Figure 6. Combined therapy with anti-CTLA4 mAb and GWEPDDNPI peptide requires tumor to generate anti-survivin T-cell immunity

A, Assessment using CTL killing assays demonstrated that splenocytes from naïve mice or mice treated with anti-CTLA-4/GWEPDDNPI-peptide without tumor for 35 days showed negligible lytic activity against splenocytes or neuroblastoma cells.

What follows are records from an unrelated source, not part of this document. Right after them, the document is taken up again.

lemma normal_generator_in_orth_tanSt: "endo_apply normal_generator W \<in> orth (tanSt X)"
  unfolding endo_apply_normal_generator by (rule subspace_neg[OF subspace_orth PperpX_in_orth_tanSt])

lemma normal_generator_skew:
  assumes W: "W \<in> orth (tanSt X)" and W': "W' \<in> orth (tanSt X)"
  shows "endo_apply normal_generator W \<bullet> W' + W \<bullet> endo_apply normal_generator W' = 0"
proof -
  have "PperpX X (f_op (\<xi>1, \<xi>2) W) \<bullet> W' = f_op (\<xi>1, \<xi>2) W \<bullet> W'"
    using PperpX_self_adjoint PperpX_orth_tanSt[OF W'] by metis
  moreover have "W \<bullet> PperpX X (f_op (\<xi>1, \<xi>2) W') = W \<bullet> f_op (\<xi>1, \<xi>2) W'"
    using PperpX_self_adjoint PperpX_orth_tanSt[OF W] by metis
  ultimately show ?thesis
    using f_op_skew_adjoint[OF xi_skew, of W W'] by (simp add: endo_apply_normal_generator)
qed

lemma exp_normal_generator_in_orth_tanSt:
  "W \<in> orth (tanSt X) \<Longrightarrow> endo_apply (exp (c *\<^sub>R normal_generator)) W \<in> orth (tanSt X)"
  by (rule endo_exp_apply_in_subspace[OF subspace_orth])
    (simp_all add: subspace_mul[OF subspace_orth] normal_generator_in_orth_tanSt)

lemma normal_frame_in_orth_tanSt:
  "W \<in> orth (tanSt X) \<Longrightarrow> normal_frame t W \<in> orth (tanSt (Phi (g t) X))"
  unfolding moving_frame_def
  by (simp add: Phi_in_orth_tanSt orthogonal_g exp_normal_generator_in_orth_tanSt)

lemma normal_frame_inverse: "normal_frame_inv t (normal_frame t W) = W"
  by (simp add: moving_frame_def moving_frame_inv_def Phi_g_inv_g)

lemma normal_frame_onto:
  assumes W: "W \<in> orth (tanSt (Phi (g t) X))"
  shows "normal_frame_inv t W \<in> orth (tanSt X)" "normal_frame t (normal_frame_inv t W) = W"
proof -
  have "Phi (g_inv t) W \<in> orth (tanSt X)"
    using Phi_in_orth_tanSt[of "transpose (mexp (t *\<^sub>R \<xi>1))" "transpose (mexp (t *\<^sub>R \<xi>2))", OF _ _ W]
    by (simp add: orthogonal_g Phi_g_inv_g)
  then show "normal_frame_inv t W \<in> orth (tanSt X)"
    using exp_normal_generator_in_orth_tanSt[of _ "- t"] by (simp add: moving_frame_inv_def)
  show "normal_frame t (normal_frame_inv t W) = W"
    by (simp add: moving_frame_def moving_frame_inv_def Phi_g_inv_g)
qed

lemma normal_frame_inner:
  assumes "u \<in> orth (tanSt X)" "v \<in> orth (tanSt X)"
  shows "normal_frame t u \<bullet> normal_frame t v = u \<bullet> v"
  unfolding moving_frame_def id_def Phi_inner[OF orthogonal_g]
  by (rule endo_exp_apply_preserves_bilinear[OF bounded_bilinear_inner subspace_orth
        normal_generator_in_orth_tanSt normal_generator_skew assms])

lemma normal_frame_drift_in_tanSt:
  "moving_frame_drift normal_generator id id t W \<in> orth (orth (tanSt (Phi (g t) X)))"
proof -
  define w where "w = endo_apply (exp (t *\<^sub>R normal_generator)) W"
  have "f_op (\<xi>1, \<xi>2) w + endo_apply normal_generator w \<in> tanSt X"
    using diff_PperpX_in_tanSt by (simp add: endo_apply_normal_generator)
  then have "moving_frame_drift normal_generator id id t W \<in> tanSt (Phi (g t) X)"
    unfolding moving_frame_drift_def Let_def w_def[symmetric] id_def
    by (rule Phi_in_tanSt[OF orthogonal_g(1)])
  then show ?thesis by (simp add: orth_orth[OF subspace_tanSt])
qed

lemma has_vector_derivative_Phi_g:
  "((\<lambda>s. Phi (g s) V) has_vector_derivative Phi (g t) (f_op (\<xi>1, \<xi>2) V)) (at t)"
  by (rule has_vector_derivative_eq_rhs[OF
        has_vector_derivative_Phi_mexp[OF xi_skew(2) has_vector_derivative_const]]) simp

lemma development_curve_eq_Phi: "mexp (t *\<^sub>R \<xi>1) ** X ** mexp (- t *\<^sub>R \<xi>2) = Phi (g t) X"
  by (simp add: Phi_def transpose_mexp xi_skew)

lemma tangent_frame_velocity:
  "tangent_frame t (\<xi>1 ** X - X ** \<xi>2) = Phi (g t) (\<xi>1 ** X - X ** \<xi>2)"
proof -
  have p: "p_of_tan X (\<xi>1 ** X - X ** \<xi>2) = (\<xi>1, \<xi>2)"
    using p_of_tan_tan_of_p[OF xi_in_pX] by (simp add: tan_of_p_def)
  have "endo_apply (t *\<^sub>R tangent_generator) (\<xi>1, \<xi>2) = 0"
    by (simp add: endo_apply_tangent_generator ad_def zero_prod_def[symmetric]
        linear_0[OF linear_pr_p])
  then show ?thesis
    by (simp add: moving_frame_def p endo_exp_apply_eq_self tan_of_p_def)
qed

lemma extrinsic_rolling_frames:
  assumes I: "open I"
    and A: "\<And>t V. V \<in> tanSt X \<Longrightarrow> A t V = tangent_frame t V"
    and C: "\<And>t V. C t V = normal_frame t V"
  shows "extrinsic_rolling (tanSt X) (\<lambda>_. tanSt X) Stiefel tanSt I
    (\<lambda>t. t *\<^sub>R (\<xi>1 ** X - X ** \<xi>2)) (\<lambda>t. Phi (g t) X) A C"
  unfolding extrinsic_rolling_def
proof (intro conjI ballI allI impI)
  fix t
  have V0: "\<xi>1 ** X - X ** \<xi>2 \<in> tanSt X"
    using tan_of_p_in_tanSt[of "(\<xi>1, \<xi>2)"] pX_skew[OF xi_in_pX] by (simp add: tan_of_p_def)
  then show "t *\<^sub>R (\<xi>1 ** X - X ** \<xi>2) \<in> tanSt X" by (rule subspace_mul[OF subspace_tanSt])
  show "Phi (g t) X \<in> Stiefel" by (rule Phi_in_Stiefel[OF orthogonal_g in_Stiefel])
  show "lin_isom_on (A t) (tanSt X) (tanSt (Phi (g t) X))"
    using tangent_frame_in_tanSt tangent_frame_onto tangent_frame_inner A
    by (intro lin_isom_onI[OF subspace_tanSt linear_moving_frame[OF linear_tan_of_p linear_p_of_tan]])
      blast+
  show "lin_isom_on (C t) (orth (tanSt X)) (orth (tanSt (Phi (g t) X)))"
    using normal_frame_in_orth_tanSt normal_frame_onto normal_frame_inner C
    by (intro lin_isom_onI[OF subspace_orth linear_moving_frame[OF linear_id linear_id]]) blast+
  show "\<exists>\<alpha>' \<alpha>h'. \<forall>t\<in>I. ((\<lambda>t. t *\<^sub>R (\<xi>1 ** X - X ** \<xi>2)) has_vector_derivative \<alpha>' t) (at t within I) \<and>
      ((\<lambda>t. Phi (g t) X) has_vector_derivative \<alpha>h' t) (at t within I) \<and> \<alpha>h' t = A t (\<alpha>' t)"
  proof (intro exI ballI conjI)
    fix t
    show "((\<lambda>t. t *\<^sub>R (\<xi>1 ** X - X ** \<xi>2)) has_vector_derivative \<xi>1 ** X - X ** \<xi>2) (at t within I)"
      using bounded_linear.has_vector_derivative[OF bounded_linear_scaleR_left
          has_vector_derivative_id, of "\<xi>1 ** X - X ** \<xi>2"] by simp
    show "((\<lambda>t. Phi (g t) X) has_vector_derivative Phi (g t) (\<xi>1 ** X - X ** \<xi>2)) (at t within I)"
      using has_vector_derivative_at_within[OF has_vector_derivative_Phi_g[of X]]
      by (simp add: f_op_def)
    show "Phi (g t) (\<xi>1 ** X - X ** \<xi>2) = A t (\<xi>1 ** X - X ** \<xi>2)"
      by (simp add: A V0 tangent_frame_velocity)
  qed
next
  fix Z assume "\<forall>t\<in>I. Z t \<in> tanSt X"
  then show "parallel_along tanSt I (\<lambda>t. Phi (g t) X) (\<lambda>t. A t (Z t)) =
      parallel_along (\<lambda>_. tanSt X) I (\<lambda>t. t *\<^sub>R (\<xi>1 ** X - X ** \<xi>2)) Z"
    unfolding parallel_along_def
    using I has_vector_derivative_moving_frame[OF linear_tan_of_p linear_p_of_tan]
      moving_frame_inv_differentiable[OF linear_tan_of_p linear_p_of_tan]
      linear_moving_frame[OF linear_tan_of_p linear_p_of_tan]
    by (intro parallel_transport_iff[where F = tangent_frame and G = tangent_frame_inv
          and F' = "moving_frame_drift tangent_generator (tan_of_p X) (p_of_tan X)"])
      (auto simp: subspace_tanSt tangent_frame_inverse tangent_frame_in_tanSt
        tangent_frame_drift_in_orth_tanSt A)
next
  fix Z assume "\<forall>t\<in>I. Z t \<in> orth (tanSt X)"
  then show "normal_parallel_along tanSt I (\<lambda>t. Phi (g t) X) (\<lambda>t. C t (Z t)) =
      normal_parallel_along (\<lambda>_. tanSt X) I (\<lambda>t. t *\<^sub>R (\<xi>1 ** X - X ** \<xi>2)) Z"
    unfolding normal_parallel_along_def
    using I has_vector_derivative_moving_frame[OF linear_id linear_id]
      moving_frame_inv_differentiable[OF linear_id linear_id] linear_moving_frame[OF linear_id linear_id]
    by (intro parallel_transport_iff[where F = normal_frame and G = normal_frame_inv
          and F' = "moving_frame_drift normal_generator id id"])
      (auto simp: subspace_orth normal_frame_inverse normal_frame_in_orth_tanSt
        normal_frame_drift_in_tanSt C)
qed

Data represents an example of 2 experiments with 4 mice / group, error is expressed as SEM. B, A/J mice treated for 14 days with control peptide, GWEPDDNPI-peptide or anti-CTLA-4 alone or anti-CTLA-4/GWEPDDNPI-peptide in the absence of NXS2 cells did not show in vivo peptide-specific killing after 24 hr following transfer of CFSE-labeled, peptide-pulsed splenocytes. C, A/J mice received GWEPDDNPI or control peptide i.d. emulsified in IFA on day -7 and 0.5 mg of anti-CTLA-4 or 200 μl PBS i.p. on day -7 and -3. Mice were then inoculated on day 0 with 2 × 106 NXS2 cells s.c. Anti-CTLA-4/GWEPDDNPI peptide prophylactic treatment did not result in significant long term survival. Data in (B) and (C) represents examples of three experiments, where n = 5 mice/group. Error is expressed as SEM.